Your assignment:
In the listing below, find every line containing "where" and copy it out.
Content starts
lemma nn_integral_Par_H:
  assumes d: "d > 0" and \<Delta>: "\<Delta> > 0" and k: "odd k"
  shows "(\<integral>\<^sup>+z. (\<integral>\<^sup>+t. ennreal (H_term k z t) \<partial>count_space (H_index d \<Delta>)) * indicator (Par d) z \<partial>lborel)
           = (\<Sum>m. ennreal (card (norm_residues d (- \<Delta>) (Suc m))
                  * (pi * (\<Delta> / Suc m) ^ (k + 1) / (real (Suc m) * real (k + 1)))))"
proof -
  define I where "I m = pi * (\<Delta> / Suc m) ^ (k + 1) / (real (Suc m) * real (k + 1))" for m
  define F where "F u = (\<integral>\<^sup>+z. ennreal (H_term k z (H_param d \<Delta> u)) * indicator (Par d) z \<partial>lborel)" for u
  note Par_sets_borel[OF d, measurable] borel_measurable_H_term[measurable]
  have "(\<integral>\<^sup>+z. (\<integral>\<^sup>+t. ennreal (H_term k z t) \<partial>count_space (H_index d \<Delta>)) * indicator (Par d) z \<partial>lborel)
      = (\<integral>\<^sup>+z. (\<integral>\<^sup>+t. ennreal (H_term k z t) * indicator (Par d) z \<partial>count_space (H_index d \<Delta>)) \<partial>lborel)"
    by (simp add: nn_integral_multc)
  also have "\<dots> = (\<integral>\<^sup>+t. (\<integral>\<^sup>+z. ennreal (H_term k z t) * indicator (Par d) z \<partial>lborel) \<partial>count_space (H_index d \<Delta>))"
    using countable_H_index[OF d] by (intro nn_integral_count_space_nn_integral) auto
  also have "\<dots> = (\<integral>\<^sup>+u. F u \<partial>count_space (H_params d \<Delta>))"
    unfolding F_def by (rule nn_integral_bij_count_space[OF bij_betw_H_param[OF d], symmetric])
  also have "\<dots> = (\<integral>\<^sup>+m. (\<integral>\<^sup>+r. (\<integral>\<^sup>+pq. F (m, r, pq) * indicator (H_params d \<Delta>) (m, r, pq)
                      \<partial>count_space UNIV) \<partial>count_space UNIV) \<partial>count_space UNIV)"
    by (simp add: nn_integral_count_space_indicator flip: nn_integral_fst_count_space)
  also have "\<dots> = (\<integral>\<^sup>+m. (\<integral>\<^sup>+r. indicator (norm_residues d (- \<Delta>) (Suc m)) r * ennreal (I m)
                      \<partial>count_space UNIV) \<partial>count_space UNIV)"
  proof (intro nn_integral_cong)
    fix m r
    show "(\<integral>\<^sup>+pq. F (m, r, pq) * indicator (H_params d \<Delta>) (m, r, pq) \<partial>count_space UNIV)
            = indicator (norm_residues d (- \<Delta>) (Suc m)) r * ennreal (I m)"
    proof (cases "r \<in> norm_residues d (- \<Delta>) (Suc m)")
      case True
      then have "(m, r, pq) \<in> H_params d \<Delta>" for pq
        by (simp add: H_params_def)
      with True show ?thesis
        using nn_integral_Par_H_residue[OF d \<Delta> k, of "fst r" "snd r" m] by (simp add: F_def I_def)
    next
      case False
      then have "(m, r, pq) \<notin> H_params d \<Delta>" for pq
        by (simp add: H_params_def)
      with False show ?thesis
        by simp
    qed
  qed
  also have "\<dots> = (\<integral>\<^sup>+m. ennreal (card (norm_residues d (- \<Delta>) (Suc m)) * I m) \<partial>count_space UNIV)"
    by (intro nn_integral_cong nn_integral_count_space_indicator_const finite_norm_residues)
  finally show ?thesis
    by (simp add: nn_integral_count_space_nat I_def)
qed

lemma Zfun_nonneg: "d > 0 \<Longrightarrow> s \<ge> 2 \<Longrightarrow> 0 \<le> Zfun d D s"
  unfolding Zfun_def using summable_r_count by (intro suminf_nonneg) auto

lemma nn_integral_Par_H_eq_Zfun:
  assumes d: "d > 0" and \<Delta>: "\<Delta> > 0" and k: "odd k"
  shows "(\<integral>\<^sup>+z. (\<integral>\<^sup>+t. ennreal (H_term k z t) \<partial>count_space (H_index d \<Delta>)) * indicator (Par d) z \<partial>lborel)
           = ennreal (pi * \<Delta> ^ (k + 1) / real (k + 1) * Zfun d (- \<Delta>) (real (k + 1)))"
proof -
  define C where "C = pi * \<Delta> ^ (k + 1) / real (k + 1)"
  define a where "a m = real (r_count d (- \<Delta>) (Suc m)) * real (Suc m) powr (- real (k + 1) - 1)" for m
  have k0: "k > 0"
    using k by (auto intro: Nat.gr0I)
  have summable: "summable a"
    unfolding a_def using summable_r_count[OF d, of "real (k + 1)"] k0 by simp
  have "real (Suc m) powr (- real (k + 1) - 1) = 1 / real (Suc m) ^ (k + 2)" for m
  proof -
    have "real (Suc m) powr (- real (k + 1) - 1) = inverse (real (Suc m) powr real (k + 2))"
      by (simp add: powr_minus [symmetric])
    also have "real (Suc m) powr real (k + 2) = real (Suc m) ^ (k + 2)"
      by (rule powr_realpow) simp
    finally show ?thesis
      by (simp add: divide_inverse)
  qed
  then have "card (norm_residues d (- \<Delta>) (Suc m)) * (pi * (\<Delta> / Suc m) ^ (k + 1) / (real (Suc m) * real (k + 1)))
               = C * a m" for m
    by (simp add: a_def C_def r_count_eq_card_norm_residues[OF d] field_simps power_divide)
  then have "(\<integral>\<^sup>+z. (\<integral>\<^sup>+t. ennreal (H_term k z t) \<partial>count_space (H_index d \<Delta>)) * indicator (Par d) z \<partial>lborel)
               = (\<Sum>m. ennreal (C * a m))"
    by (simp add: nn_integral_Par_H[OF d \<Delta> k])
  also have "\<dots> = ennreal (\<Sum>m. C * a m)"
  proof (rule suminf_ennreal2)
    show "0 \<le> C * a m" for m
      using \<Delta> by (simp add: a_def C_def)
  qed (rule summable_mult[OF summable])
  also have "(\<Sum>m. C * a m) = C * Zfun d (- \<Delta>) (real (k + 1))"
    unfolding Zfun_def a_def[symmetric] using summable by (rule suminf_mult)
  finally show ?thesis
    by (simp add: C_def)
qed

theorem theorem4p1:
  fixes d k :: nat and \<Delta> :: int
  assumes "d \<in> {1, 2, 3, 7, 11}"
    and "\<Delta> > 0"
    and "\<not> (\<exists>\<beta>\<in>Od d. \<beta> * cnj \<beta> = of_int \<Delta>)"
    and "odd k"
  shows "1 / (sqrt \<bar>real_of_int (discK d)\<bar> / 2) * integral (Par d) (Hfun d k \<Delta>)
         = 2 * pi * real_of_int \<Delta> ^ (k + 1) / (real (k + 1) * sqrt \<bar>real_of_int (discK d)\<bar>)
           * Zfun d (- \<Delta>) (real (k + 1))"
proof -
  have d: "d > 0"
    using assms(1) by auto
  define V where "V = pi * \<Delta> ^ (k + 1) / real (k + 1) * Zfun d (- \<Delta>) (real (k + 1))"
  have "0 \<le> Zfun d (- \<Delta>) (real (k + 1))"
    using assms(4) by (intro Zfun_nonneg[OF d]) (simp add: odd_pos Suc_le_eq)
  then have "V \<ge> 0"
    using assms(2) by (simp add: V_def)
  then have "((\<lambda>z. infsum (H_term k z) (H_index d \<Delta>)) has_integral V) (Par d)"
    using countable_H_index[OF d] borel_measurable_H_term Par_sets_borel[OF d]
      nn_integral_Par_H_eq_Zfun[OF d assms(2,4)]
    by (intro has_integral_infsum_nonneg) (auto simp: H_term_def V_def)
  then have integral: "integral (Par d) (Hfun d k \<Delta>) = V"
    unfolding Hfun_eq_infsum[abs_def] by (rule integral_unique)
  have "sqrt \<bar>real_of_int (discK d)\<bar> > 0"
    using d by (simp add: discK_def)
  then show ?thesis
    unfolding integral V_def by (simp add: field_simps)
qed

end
Content ends
Content starts
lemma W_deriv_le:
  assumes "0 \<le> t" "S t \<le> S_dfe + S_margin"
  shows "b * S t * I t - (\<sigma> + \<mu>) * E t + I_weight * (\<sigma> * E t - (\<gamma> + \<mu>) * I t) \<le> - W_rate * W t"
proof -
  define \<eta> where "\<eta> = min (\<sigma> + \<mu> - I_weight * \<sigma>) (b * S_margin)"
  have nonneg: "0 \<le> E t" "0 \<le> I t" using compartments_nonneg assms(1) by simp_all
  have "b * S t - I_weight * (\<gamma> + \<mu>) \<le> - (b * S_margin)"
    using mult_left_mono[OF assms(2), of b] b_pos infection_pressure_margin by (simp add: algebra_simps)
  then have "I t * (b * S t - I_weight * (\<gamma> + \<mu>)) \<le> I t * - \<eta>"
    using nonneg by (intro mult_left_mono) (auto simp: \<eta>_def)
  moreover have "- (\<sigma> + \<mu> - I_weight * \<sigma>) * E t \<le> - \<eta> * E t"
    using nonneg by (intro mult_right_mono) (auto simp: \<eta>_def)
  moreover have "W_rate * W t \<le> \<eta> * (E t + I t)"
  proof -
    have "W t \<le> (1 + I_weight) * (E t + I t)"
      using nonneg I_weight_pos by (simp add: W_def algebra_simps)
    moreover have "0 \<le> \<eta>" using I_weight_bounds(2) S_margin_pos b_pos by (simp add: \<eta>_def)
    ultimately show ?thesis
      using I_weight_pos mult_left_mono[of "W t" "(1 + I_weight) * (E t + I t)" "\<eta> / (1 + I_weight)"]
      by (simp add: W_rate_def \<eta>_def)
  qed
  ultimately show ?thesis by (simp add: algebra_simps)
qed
Content ends
Response to the exercise:
  define I where "I m = pi * (\<Delta> / Suc m) ^ (k + 1) / (real (Suc m) * real (k + 1))" for m
  define F where "F u = (\<integral>\<^sup>+z. ennreal (H_term k z (H_param d \<Delta> u)) * indicator (Par d) z \<partial>lborel)" for u
  define C where "C = pi * \<Delta> ^ (k + 1) / real (k + 1)"
  define a where "a m = real (r_count d (- \<Delta>) (Suc m)) * real (Suc m) powr (- real (k + 1) - 1)" for m
  define V where "V = pi * \<Delta> ^ (k + 1) / real (k + 1) * Zfun d (- \<Delta>) (real (k + 1))"
  define \<eta> where "\<eta> = min (\<sigma> + \<mu> - I_weight * \<sigma>) (b * S_margin)"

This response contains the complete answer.